Тут завопили из соседних камер: «А нам? Нам!..»
Снова появился старлей, рявкнул:
– Тихо! Хлеба больше нет. Разнесут сухари.
Когда он подошел ближе, Малявин сказал:
– Спасибо. Быть тебе скоро капитаном.
Он обернулся, ответил с полной серьезностью:
– Я уже был…
И только теперь Малявин догадался, почему у него такие измятые, потертые погоны.
Глава 27Ты – дерьмо, ворюга, зэк!
Под колесный стук
Трое суток глух
Мой конвойный.
Мой конво-о-йный.
Хочешь, песни пой,
Хочешь, плачь навзрыд.
Лишь один ответ:
«Не положено!»
А мне маму жаль,
А себя ничуть.
Кинь письмо, мой друг,
На перроне в круг
Сарафановый…
Быт тюремный начинается с вопроса: «Статья?» А потом уже: «Откуда и куда? Как взяли и на чем?..»
Насели на подсудимого-повторника с простым и обязательным:
– В какой, говоришь, зоне сидел?
Тот ответил, что в тридцать шестой.
– Так это же в Тюмени, да?
Он поддакнул. Его тут же взяли раскручивать жестко, въедливо, потому что «тридцать шестая» – под Новосибирском. Все просто, соврал, значит, боишься. «А чего боишься? Наследил?»
Малявин думал, случайность, просто взяли на понт. Но зэк с большим стажем в боксике перед отправкой на этап пояснил, как делается проверка на вшивость, он перечислил номера лагерей и где находятся. По всей России. Он сразу оговорился, что в республиках знает лишь некоторые, а в России – все. Кроме того, какой режим, кто начальник зоны. На удивленное малявинское: «Как же ты помнишь все?!» – ответил простецки:
– В году триста шестьдесят пять дней, да умножь их на четырнадцать годов отсидки. И каждый день – одно и то же… Поэтому не завидуй, пацан, не завидуй. Лучше помнить не номера лагерей, а имена девах, которых ублажил.
Малявин проникся и подарил ему вафельное полотенце, выданное перед этапом. А он ответно – несколько штук папирос.
– Уважаю папиросы. Я только их курил на воле. Но на воле для форса – «Казбек» или «Северную Пальмиру».
Выводной крикнул:
– Малявин, на выход!
Он быстро вскочил, крикнул ответно:
– Здесь Малявин!
А зэк хапнул за плечо. Развернул к себе.
– Так я ведь тоже Малявин… – И захохотал.
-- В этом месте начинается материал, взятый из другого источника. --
lemma ex_index_reflect:
  fixes n :: nat
  shows "(\<exists>i. i + 2 < n \<and> P (n - 3 - i)) \<longleftrightarrow> (\<exists>a. a + 2 < n \<and> P a)"
proof
  assume "\<exists>a. a + 2 < n \<and> P a"
  then obtain a where "a + 2 < n" "P a" by blast
  then show "\<exists>i. i + 2 < n \<and> P (n - 3 - i)" by (intro exI[of _ "n - 3 - a"]) auto
next
  assume "\<exists>i. i + 2 < n \<and> P (n - 3 - i)"
  then obtain i where "i + 2 < n" "P (n - 3 - i)" by blast
  then show "\<exists>a. a + 2 < n \<and> P a" by (intro exI[of _ "n - 3 - i"]) auto
qed

lemma rev_lehmer_code_120_iff:
  "(\<exists>i. i + 2 < length p \<and> rev_lehmer_code p ! (i + 2) < rev_lehmer_code p ! i
        \<and> rev_lehmer_code p ! i < rev_lehmer_code p ! (i + 1))
   \<longleftrightarrow> (\<exists>a. a + 2 < length p \<and> lehmer p a < lehmer p (a + 2) \<and> lehmer p (a + 2) < lehmer p (a + 1))"
  (is "(\<exists>i. i + 2 < length p \<and> ?code_120 i) \<longleftrightarrow> (\<exists>a. a + 2 < length p \<and> ?lehmer_1432 a)")
proof -
  have "?code_120 i \<longleftrightarrow> ?lehmer_1432 (length p - 3 - i)" if "i + 2 < length p" for i
  proof -
    from that have "length p - Suc i = length p - 3 - i + 2"
      "length p - Suc (i + 1) = length p - 3 - i + 1" "length p - Suc (i + 2) = length p - 3 - i"
      by arith+
    with that show ?thesis by (simp add: rev_lehmer_code_nth conj_commute)
  qed
  then have "(\<exists>i. i + 2 < length p \<and> ?code_120 i)
      \<longleftrightarrow> (\<exists>i. i + 2 < length p \<and> ?lehmer_1432 (length p - 3 - i))" by blast
  also have "\<dots> \<longleftrightarrow> (\<exists>a. a + 2 < length p \<and> ?lehmer_1432 a)"
    by (rule ex_index_reflect)
  finally show ?thesis .
qed

theorem mainTheorem20:
  fixes n :: nat
  shows "(\<exists>f. bij_betw f (inv_seqs_avoid_120 n) (perms_avoid_v1432 n))
         \<and> card (inv_seqs_avoid_120 n) = card (perms_avoid_v1432 n)"
proof -
  have "\<not> contains_v1432 p \<longleftrightarrow>
      \<not> (\<exists>i. i + 2 < n \<and> rev_lehmer_code p ! (i + 2) < rev_lehmer_code p ! i
           \<and> rev_lehmer_code p ! i < rev_lehmer_code p ! (i + 1))"
    if "p \<in> perms n" for p
    using that perms_distinct[OF that] rev_lehmer_code_120_iff[of p] contains_v1432_iff_lehmer[of p]
    by (simp add: perms_def)
  then have "bij_betw rev_lehmer_code (perms_avoid_v1432 n) (inv_seqs_avoid_120 n)"
    unfolding perms_avoid_v1432_def inv_seqs_avoid_120_def
    by (intro bij_betw_Collect[OF bij_betw_rev_lehmer_code]) simp
  then show ?thesis
    using bij_betw_the_inv_into bij_betw_same_card by metis
qed

end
Он, видимо, давно не смеялся всласть.
Выводной орал:
– Имя-отчество? Статью хоть скажи… такой!
А зэк все хохотал. Ваня стоял рядом и улыбался натужно, не понимая, уловка это или всерьез.
– Мож, папашка общий. Как по очеству?.. Нет. У меня Лексей. Чего орешь? – гаркнул зэк на сержанта. – Не видишь, двое нас, Малявиных. Какого тебе, выбирай! – И снова засмеялся, раскачиваясь из стороны в сторону.
– Вот ты и отвечай.
– Петр Лексеич Малявин, сто сорок пятая, часть вторая, восемь лет, режим усиленный.
– Выходи!
Зэк Малявин глянул вполоборота от двери и пробасил:
– Не сифонь, Малява. Моя кликуха Нос. Ссылайся, кой-где помнят.
Дверь захлопнулась. Иван стоял столбом, не понимая, почему зэк так хохотал. Не потому ли, что серо, беспросветно и тягостно, а тут вдруг пацан-первопроходчик – и тоже Малявин? И, как в зеркале, зэк в черной робе, изжеванный тюрьмой, со стальной улыбкой и коротко остриженный, увидел себя, молодого, рослого, полного нерастраченных сил…
Что-то отшелушилось, забылось за долгие месяцы, примелькались вагонзаки, конвои, лица осужденных, но крепко запало звериное чувство голода после трех суток этапа на черном пайковом хлебе, когда руганый-переруганый изолятор словно спасение. Ждешь на четвертые сутки завтрака или обеда, а тебя все мусолят, все водят из отстойника на шмон, со шмона в отстойник, с отстойника в боксик, где держат часами, а тебе кажется – сутками, потому что ты, молодой, двадцатилетний, готов откусить у сапог голенища, чтоб хоть как-то перетерпеть, дождаться ужина, этой миски холодной каши, сваренной на гольной воде, без жиринки, холодной всегда, раз ты этапник, и тебе в последнюю очередь, что останется. Но ты и этому несказанно рад и думаешь: «Лишь бы побольше». А тебя держат и держат…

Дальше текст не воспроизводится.